Are we allowing our children be children? 

The summer holidays are here! My kids couldn’t have been more ready for them.

Just a few days before our kids broke up from school for summer, all three of my children were starting to flag. They were tired, weary, and in desperate need of a break.

Towards the end of term they got to the point where they didn’t want to go anywhere at the weekend. They wanted to stay at home and relax. This goes against all my natural instincts – when the sun’s shining we go out, but they were so tired and it’s unlike them not to want to go somewhere. They’re 9 and 7, and they’re exhausted!

I don’t remember being so exhausted as a child, but then I don’t remember the sheer amount of homework and additional pressures at such a young age either.

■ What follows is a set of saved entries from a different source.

lemma naturality:
  "cube_hom m k h \<Longrightarrow> z \<in> cells (necklace ns) k \<Longrightarrow> \<phi> m (act (necklace ns) m k h z) = ccomp m (\<phi> k z) h"
proof -
  assume "cube_hom m k h" "z \<in> cells (necklace ns) k"
  then have "\<phi> m (act (necklace ns) m k h z) = act (cube n) m k h (\<phi> k z)"
    using hom unfolding cset_hom_def by blast
  then show ?thesis by (simp add: cube_def)
qed

lemma phi_cell: "(i, g) \<in> cells (necklace ns) m \<Longrightarrow> \<phi> m (i, g) = ccomp m (bead_map \<phi> ns i) g"
  using naturality[of m "ns ! i" g, OF _ bead_in_cells[OF is_neck]] act_necklace_bead
  by (simp add: cells_necklace_iff bead_map_def)

lemma phi_undefined: "z \<notin> cells (necklace ns) m \<Longrightarrow> \<phi> m z = undefined"
  using hom unfolding cset_hom_def by blast

lemma phi_bead_vertex:
  "i < length ns \<Longrightarrow> length w = ns ! i \<Longrightarrow> \<phi> 0 (bead_vertex ns i w) = const_map 0 (bead_map \<phi> ns i w)"
  using naturality[OF cube_hom_const_map bead_in_cells[OF is_neck]]
  by (simp add: bead_vertex_def bead_map_def ccomp_const_map)

lemma inj_bead_map: "i < length ns \<Longrightarrow> inj_on (bead_map \<phi> ns i) {xs. length xs = ns ! i}"
proof (rule inj_onI)
  fix w w' assume i: "i < length ns" and w: "w \<in> {xs. length xs = ns ! i}"
    "w' \<in> {xs. length xs = ns ! i}"
    and eq: "bead_map \<phi> ns i w = bead_map \<phi> ns i w'"
  have "\<phi> 0 (bead_vertex ns i w) = \<phi> 0 (bead_vertex ns i w')"
    using phi_bead_vertex[OF i] w eq by simp
  then have "bead_vertex ns i w = bead_vertex ns i w'"
    using mono bead_vertex_in_cells[OF is_neck i] w unfolding cset_mono_def inj_on_def by blast
  then show "w = w'" using bead_vertex_inject w by blast
qed

lemma bead_map_first_alpha: "bead_map \<phi> ns 0 (replicate (ns ! 0) False) = replicate n False"
  using obj phi_bead_vertex[of 0 "replicate (ns ! 0) False"] ns_nonempty
    nstart_eq_bead_vertex[of ns]
  by (simp add: subneck_obj_def alpha_def const_map_inject)

lemma bead_map_last_omega:
  "bead_map \<phi> ns (length ns - 1) (replicate (ns ! (length ns - 1)) True) = replicate n True"
  using obj phi_bead_vertex[of "length ns - 1" "replicate (ns ! (length ns - 1)) True"] ns_nonempty
    nend_eq_bead_vertex[OF is_neck]
  by (simp add: subneck_obj_def omega_def const_map_inject)

lemma bead_map_alpha_eq_prev_omega:
  assumes "0 < i" "i < length ns"
  shows "bead_map \<phi> ns i (replicate (ns ! i) False) =
    bead_map \<phi> ns (i - 1) (replicate (ns ! (i - 1)) True)"
  using phi_bead_vertex[of i "replicate (ns ! i) False"]
    phi_bead_vertex[of "i - 1" "replicate (ns ! (i - 1)) True"]
    bead_vertex_alpha[OF is_neck assms] assms
  by (simp add: const_map_inject)

abbreviation partition :: "nat set list" where
  "partition \<equiv> neck_partition n (ns, \<phi>)"

lemma length_partition: "length partition = length ns"
  by (simp add: neck_partition_def)

lemma partition_nth:
  "i < length ns \<Longrightarrow> partition ! i = Suc ` cube_directions (ns ! i) n (bead_map \<phi> ns i)"
  by (simp add: neck_partition_def)

text \<open>Since consecutive beads are glued \<open>\<omega>\<close> to \<open>\<alpha>\<close>, the images of their ends are the
  vertices of the prefix unions of the partition.\<close>

lemma vertex_prefix_union_partition:
  assumes "i < length ns"
  shows "vertex n (prefix_union partition i) = bead_map \<phi> ns i (replicate (ns ! i) False)
    \<and> vertex n (prefix_union partition (Suc i)) = bead_map \<phi> ns i (replicate (ns ! i) True)"
proof -
  have step: "vertex n (prefix_union partition (Suc i)) = bead_map \<phi> ns i (replicate (ns ! i) True)"
    if i: "i < length ns" and alpha:
      "vertex n (prefix_union partition i) = bead_map \<phi> ns i (replicate (ns ! i) False)"
    for i
  proof -
    let ?f = "bead_map \<phi> ns i"
      and ?a = "replicate (ns ! i) False" and ?b = "replicate (ns ! i) True"
    have "vertex n (prefix_union partition i \<union> Suc ` {j. j < n \<and> ?f ?b ! j \<and> \<not> ?f ?a ! j}) = ?f ?b"
      using cube_hom_length[OF cube_hom_bead_map[OF i]] alpha
        join_map_alpha_le_omega[OF cube_hom_join_map[OF cube_hom_bead_map[OF i]]]
      by (intro vertex_extend) auto
    then show ?thesis
      using prefix_union_Suc[of i partition] partition_nth[OF i] i length_partition
      by (simp add: cube_directions_def)
  qed
  show ?thesis
    using assms
  proof (induction i)
    case 0
    then show ?case using step[of 0] bead_map_first_alpha vertex_empty by simp
  next
    case (Suc i)
    then show ?case using step[of "Suc i"] bead_map_alpha_eq_prev_omega[of "Suc i"] by simp
  qed
qed

lemma card_partition_nth: "i < length ns \<Longrightarrow> card (partition ! i) = ns ! i"
  using partition_nth card_cube_directions[OF cube_hom_join_map[OF cube_hom_bead_map] inj_bead_map]
  by (simp add: card_image)

lemma partition_nth_subset: "i < length ns \<Longrightarrow> partition ! i \<subseteq> {1..n}"
  using partition_nth by (auto simp: cube_directions_def)

lemma prefix_union_partition_subset: "prefix_union partition i \<subseteq> {1..n}"
  using partition_nth_subset length_partition by (force simp: prefix_union_def in_set_conv_nth)

lemma partition_nth_disjoint:
  assumes i: "i < length ns"
  shows "partition ! i \<inter> prefix_union partition i = {}"
proof -
  have "Suc j \<notin> prefix_union partition i"
    if "j \<in> cube_directions (ns ! i) n (bead_map \<phi> ns i)" for j
  proof -
    from that have "j < n" "\<not> bead_map \<phi> ns i (replicate (ns ! i) False) ! j"
      by (simp_all add: cube_directions_def)
    then show ?thesis
      using nth_vertex[OF \<open>j < n\<close>, of "prefix_union partition i"]
        vertex_prefix_union_partition[OF i] by simp
  qed
  then show ?thesis using partition_nth[OF i] by auto
qed

lemma prefix_union_partition_length: "prefix_union partition (length partition) = {1..n}"
proof -
  have "vertex n (prefix_union partition (length partition)) = replicate n True"
    using vertex_prefix_union_partition[of "length ns - 1"] bead_map_last_omega ns_nonempty
      length_partition
    by simp
  then show ?thesis
    by (intro vertex_inject[OF prefix_union_partition_subset order_refl])
      (use vertex_full[of n] in simp)
qed

lemma partition_in_ordered_partitions: "partition \<in> ordered_partitions n"
  unfolding ordered_partitions_iff
  using card_partition_nth is_neck_nth_pos[OF is_neck] partition_nth_disjoint
    prefix_union_partition_length
    length_partition
  by (metis card.empty less_not_refl)

lemma map_card_partition: "map card partition = ns"
  by (rule nth_equalityI) (auto simp: length_partition card_partition_nth)

lemma bead_map_eq_bead_face:
  assumes i: "i < length ns"
  shows "bead_map \<phi> ns i = bead_face n partition i"
proof -
  note P = partition_in_ordered_partitions
  have iP: "i < length partition" and k: "card (partition ! i) = ns ! i"
    using i length_partition card_partition_nth by auto
  have face: "cube_hom (ns ! i) n (bead_face n partition i)"
    "inj_on (bead_face n partition i) {xs. length xs = ns ! i}"
    using cube_hom_bead_face[OF P iP] inj_bead_face[OF P iP] k by simp_all
  have "bead_map \<phi> ns i (replicate (ns ! i) False) =
      bead_face n partition i (replicate (ns ! i) False)"
    "bead_map \<phi> ns i (replicate (ns ! i) True) = bead_face n partition i (replicate (ns ! i) True)"
    using vertex_prefix_union_partition[OF i] bead_face_alpha[OF P iP] bead_face_omega[OF P iP]
    unfolding k by simp_all
  then show ?thesis
    using inj_join_map_eqI[OF cube_hom_join_map[OF cube_hom_bead_map[OF i]] inj_bead_map[OF i]
        cube_hom_join_map[OF face(1)] face(2)]
    by (intro cube_hom_eqI[OF cube_hom_bead_map[OF i] face(1)])
qed

lemma canonical_subneck_partition: "canonical_subneck n partition = (ns, \<phi>)"
proof -
  have "(\<lambda>m z. if z \<in> cells (necklace ns) m
      then ccomp m (bead_face n partition (fst z)) (snd z) else undefined) = \<phi>"
  proof (rule ext, rule ext)
    fix m z
    show "(if z \<in> cells (necklace ns) m
        then ccomp m (bead_face n partition (fst z)) (snd z) else undefined) = \<phi> m z"
      using phi_cell[of "fst z" "snd z" m] phi_undefined bead_map_eq_bead_face
      by (cases z) (auto simp: cells_necklace_iff)
  qed
  then show ?thesis unfolding canonical_subneck_def map_card_partition by simp
qed

end

lemma neck_partition_canonical_subneck:
  assumes P: "P \<in> ordered_partitions n" and n: "1 \<le> n"
  shows "neck_partition n (canonical_subneck n P) = P"
proof (rule nth_equalityI)
  fix i assume "i < length (neck_partition n (canonical_subneck n P))"
  then have i: "i < length P" by (simp add: neck_partition_def canonical_subneck_def)
  have cell: "(i, cid (card (P ! i))) \<in> cells (necklace (map card P)) (card (P ! i))"
    using bead_in_cells[OF is_neck_map_card[OF P n], of i] i by simp
  have "bead_map (snd (canonical_subneck n P)) (map card P) i = bead_face n P i"
    using snd_canonical_subneck[OF cell] ccomp_cid_right[OF cube_hom_bead_face[OF P i]] i
    by (simp add: bead_map_def)
  moreover have "cube_directions (card (P ! i)) n (bead_face n P i) = {j. j < n \<and> Suc j \<in> P ! i}"
    using bead_face_alpha[OF P i] bead_face_omega[OF P i] ordered_partition_nth_eq[OF P i]
      prefix_union_mono[of i "Suc i" P]
    by (auto simp: cube_directions_def nth_vertex)
  ultimately show "neck_partition n (canonical_subneck n P) ! i = P ! i"
    using i image_Suc_shift[OF ordered_partition_nth_subset[OF P i]]
    by (simp add: neck_partition_def canonical_subneck_def)
qed (simp add: neck_partition_def canonical_subneck_def)

lemma neck_partition_in_ordered_partitions:
  "x \<in> subneck_obj n \<Longrightarrow> neck_partition n x \<in> ordered_partitions n"
  by (cases x) (simp add: subneck_of_cube.partition_in_ordered_partitions subneck_of_cube_def)

lemma canonical_subneck_neck_partition:
  "x \<in> subneck_obj n \<Longrightarrow> canonical_subneck n (neck_partition n x) = x"
  by (cases x) (simp add: subneck_of_cube.canonical_subneck_partition subneck_of_cube_def)

lemma neck_partition_bij:
  assumes n: "1 \<le> n"
  shows "bij_betw (neck_partition n) (subneck_obj n) (ordered_partitions n)"
  by (rule bij_betw_byWitness[where f'="canonical_subneck n"])
    (use canonical_subneck_neck_partition neck_partition_canonical_subneck n
      neck_partition_in_ordered_partitions canonical_subneck_in_subneck_obj in auto)

section \<open>The poset of sub-necklaces\<close>

definition subneck_image :: "subneck \<Rightarrow> nat \<Rightarrow> cmap set" where
  "subneck_image x m = snd x m ` cells (necklace (fst x)) m"

lemma subneck_le_image_subset:
  assumes "subneck_le n (ns, \<phi>) (ns', \<psi>)"
  shows "subneck_image (ns, \<phi>) m \<subseteq> subneck_image (ns', \<psi>) m"
proof
  fix h assume "h \<in> subneck_image (ns, \<phi>) m"
  then obtain z where z: "z \<in> cells (necklace ns) m" "h = \<phi> m z" by (auto simp: subneck_image_def)
  obtain g where "subneck_hom n (ns, \<phi>) (ns', \<psi>) g" using assms by (auto simp: subneck_le_def)
  then have "cset_hom (necklace ns) (necklace ns') g"
    "\<forall>m z. z \<in> cells (necklace ns) m \<longrightarrow> \<psi> m (g m z) = \<phi> m z"
    by (simp_all add: subneck_hom_def)
  then have "g m z \<in> cells (necklace ns') m" "\<psi> m (g m z) = \<phi> m z"
    using z unfolding cset_hom_def by blast+
  then show "h \<in> subneck_image (ns', \<psi>) m" using z by (force simp: subneck_image_def)
qed

definition factor_map ::
  "nat list \<Rightarrow> (nat \<Rightarrow> nat \<times> cmap \<Rightarrow> cmap) \<Rightarrow>
    nat list \<Rightarrow> (nat \<Rightarrow> nat \<times> cmap \<Rightarrow> cmap) \<Rightarrow>
    nat \<Rightarrow> nat \<times> cmap \<Rightarrow> nat \<times> cmap"
  where "factor_map ns \<phi> ns' \<psi> m z =
    (if z \<in> cells (necklace ns) m
     then inv_into (cells (necklace ns') m) (\<psi> m) (\<phi> m z) else undefined)"

context
  fixes n ns \<phi> ns' \<psi>
  assumes x: "(ns, \<phi>) \<in> subneck_obj n" and y: "(ns', \<psi>) \<in> subneck_obj n"
    and sub: "\<And>m. subneck_image (ns, \<phi>) m \<subseteq> subneck_image (ns', \<psi>) m"
begin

When did being a child become so exhausting?

Any parent with a child in Year 2 or Year 6 will know, May marked the month of the dreaded SATs. My middle child is in Year 2 and so faced the KS1 tests this year.

There seems to be a general consensus amongst the Year 2 parents that the exams are providing an unnessary stress to our little ones. Ben’s teacher is wonderful, I can’t praise her enough, and she goes out of her way to tell the children that all they can do is their best. But a class of six to seven year olds aren’t daft. They know from the mock tests during school hours, and the practice papers they are sent home with, that the school wants and almost expects them to do well.

It’s causing unnecessary upset and for what? Teacher and school targets. That’s all. The teachers know the children enough to determine where they are in the class; they don’t need standardised tests to show them what they can and can’t do. I don’t blame the school for this, this is a nationwide issue. Thankfully it looks like they’re going to be scrapped.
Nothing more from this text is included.